The errors of individual sub-predictors can be analyzed using the following function considering 24 hours as a modulus:

In [9]:
def errors(pred, true):
    # Ensure 24-hour modulus in the target
    true = true % 24
    #from 24-hour time predictions, get error in minutes
    err = pred - true
    for i in range(0, err.shape[0]):
        if err.iloc[i] > 12:
            err.iloc[i] = err.iloc[i] - 24
        if err.iloc[i] < -12:
            err.iloc[i] = err.iloc[i] + 24
    # return error in minutes
    return err*60


In [10]:
error_0 = errors(pred24_0, Y_test.iloc[:,0])
error_0.head()

Col_name
mas_48    171.566705
mas_52     70.951567
mas_56     -6.529496
mas_60   -179.207568
mas_64   -422.568059
Name: Sampling time (CT/ZT), dtype: float64

However, based on cross-validation results, we found individual sub-predictors are unreliable and it is impossible to tell which sub-predictors will peform accurately or innacurately in unseen test samples.

## 4. Aggretation of results of individual sub-predictors
To overcome this unreliability, we aggregate sub-predictor outputs using a circular mean. Combining predictions as a bagging-like ensemble is essential to ChronoGauge's consistent performance across unseen data.
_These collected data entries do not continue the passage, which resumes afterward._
theorem theorem36:
  fixes n :: nat
  shows "((\<Sum>k=0..n. (-1)^k * real (n choose k) * 2 powi (-(2 * int k)) * real ((2*k) choose k) * harm2 k)
          = real ((2*n) choose n) * 2 powi (-(2 * int n)) * harm2 n
            - (\<Sum>k<n. (harm1 n - harm1 k) / real (n - k) * real ((2*k) choose k) * 2 powi (-(2 * int k))))
       \<and> (\<forall>u v :: complex. Re u > -1 \<longrightarrow> Re v > -1 \<longrightarrow>
          (\<Sum>k=0..n. (-1)^k * of_nat (n choose k) * 2 powi (-(2 * int k))
              * cbinom (2 * of_nat k + v) ((2 * of_nat k + v) / 2)
              * inverse (cbinom ((2 * of_nat k + u + v) / 2) (u / 2))
              * of_real (harm2 k))
          = cbinom v (v / 2) * inverse (cbinom u (u / 2))
              * cbinom (2 * of_nat n + u) ((2 * of_nat n + u) / 2)
              * inverse (cbinom ((2 * of_nat n + u + v) / 2) (v / 2))
              * 2 powi (-(2 * int n)) * of_real (harm2 n)
            - cbinom v (v / 2) * inverse (cbinom u (u / 2))
              * (\<Sum>k<n. of_real ((harm1 n - harm1 k) / real (n - k))
                  * cbinom (2 * of_nat k + u) ((2 * of_nat k + u) / 2)
                  * 2 powi (-(2 * int k))
                  * inverse (cbinom ((2 * of_nat k + u + v) / 2) (v / 2))))"
proof (intro conjI allI impI sum_central_binomial_harm2, goal_cases)
  case (1 u v)
  have "2 * of_nat k + v + u = 2 * of_nat k + u + v" for k
    by (simp add: add_ac)
  then have swap: "central_term v u k = cbinom (2 * of_nat k + u) ((2 * of_nat k + u) / 2) * 2 powi (-(2 * int k))
                * inverse (cbinom ((2 * of_nat k + u + v) / 2) (v / 2))" for k
    by (simp only: central_term_def mult_ac)
  show ?case (is "?lhs = ?rhs")
  proof -
    have "?lhs = (\<Sum>k\<le>n. (-1)^k * of_nat (n choose k) * central_term u v k * of_real (harm2 k))"
      by (simp only: atLeast0AtMost central_term_def mult.assoc)
    also have "\<dots> = cbinom v (v / 2) * inverse (cbinom u (u / 2))
        * (central_term v u n * of_real (harm2 n)
           - (\<Sum>k<n. of_real ((harm1 n - harm1 k) / real (n - k)) * central_term v u k))"
      by (rule sum_central_term_harm2 [OF 1])
    also have "\<dots> = ?rhs"
      by (simp only: swap right_diff_distrib mult_ac)
    finally show ?thesis .
  qed
qed

end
The following function converts 24-hour CT predictions into sine/cosine values

In [11]:
def cyclic_time(times):
    #this is used to convert the target (time of sampling) in hours to cosine and sine values
    times = times % 24
    t_cos = -np.cos((2 * np.pi * times.astype('float64') / 24)+(np.pi/2))
    t_sin = np.sin((2 * np.pi * times.astype('float64') / 24)+(np.pi/2))
    
    return t_cos, t_sin


The following function uses cyclic_time() to aggregate the results of a dataframe of 24-hour CT predictions

In [12]:
def circular_mean(predictions_24):
    cos_vals = []
    sin_vals = []

    for i in range(0, predictions_24.shape[1]):
        i_cos, i_sin = cyclic_time(predictions_24.iloc[:,i])
        cos_vals.append(i_cos)
        sin_vals.append(i_sin)

    cos_vals = np.mean(cos_vals, axis=0)
    sin_vals = np.mean(sin_vals, axis=0)

    ct_vals = np.concatenate((np.asarray(cos_vals).reshape(-1, 1), np.asarray(sin_vals).reshape(-1, 1)), axis=1)
    ct_24 = time24(ct_vals)
    return ct_24



In [13]:
# Get 24 hour CT predictions for each model
all_preds = []
for i in range(0, 10):
    i_preds = time24(results_dict[i])
    all_preds.append(i_preds)
# Create dataframe for results
all_preds = pd.DataFrame(data=all_preds, columns=X_test.columns).T
all_preds.to_csv('results/predictions/rna_test_multiple.csv')
all_preds.head()

Unnamed: 0,0,1,2,3,4,5,6,7,8,9
mas_48,2.859445,16.678379,21.673462,3.853043,22.030736,22.291088,3.107723,0.672398,1.783759,3.888273
mas_52,5.182526,14.936838,16.892497,6.343913,10.322165,5.541894,3.931943,1.94777,2.639672,5.106457
mas_56,7.891175,13.746583,13.577278,7.796368,12.522278,9.280868,6.844602,10.570035,9.174798,6.044771
mas_60,9.013207,13.895413,15.329139,9.679789,14.119224,10.125921,7.032565,11.033445,11.369801,7.083987
mas_64,8.957199,15.155062,17.656095,11.355487,16.447951,11.000079,9.909527,18.831726,14.434927,7.440518


In [14]:
# Use circular_mean function to obtain an aggregated prediction across the sub-predictors
circ_pred = circular_mean(all_preds)

# Get error metrics for CT preditions
final_results = pd.DataFrame(data=Y_test.iloc[:,0].to_numpy() % 24, index=Y_test.index, columns=['Sampling time (hr)'])
final_results['Predicted CT (hr)'] = circ_pred
final_results['Error (mins)'] = errors(np.asarray(circ_pred), Y_test.iloc[:,0])
final_results['Absolute error (mins)'] = np.absolute(final_results['Error (mins)'])
final_results.head()

Unnamed: 0_level_0,Sampling time (hr),Predicted CT (hr),Error (mins),Absolute error (mins)
Col_name,Unnamed: 1_level_1,Unnamed: 2_level_1,Unnamed: 3_level_1,Unnamed: 4_level_1
mas_48,0,0.737229,44.233768,44.233768
mas_52,4,5.416152,84.969131,84.969131
mas_56,8,9.672039,100.322328,100.322328
mas_60,12,10.824298,-70.542128,70.542128
mas_64,16,13.077287,-175.362802,175.362802


Based on cross-validation results, we expect a larger ensemble of sub-predictors will give more accurate results.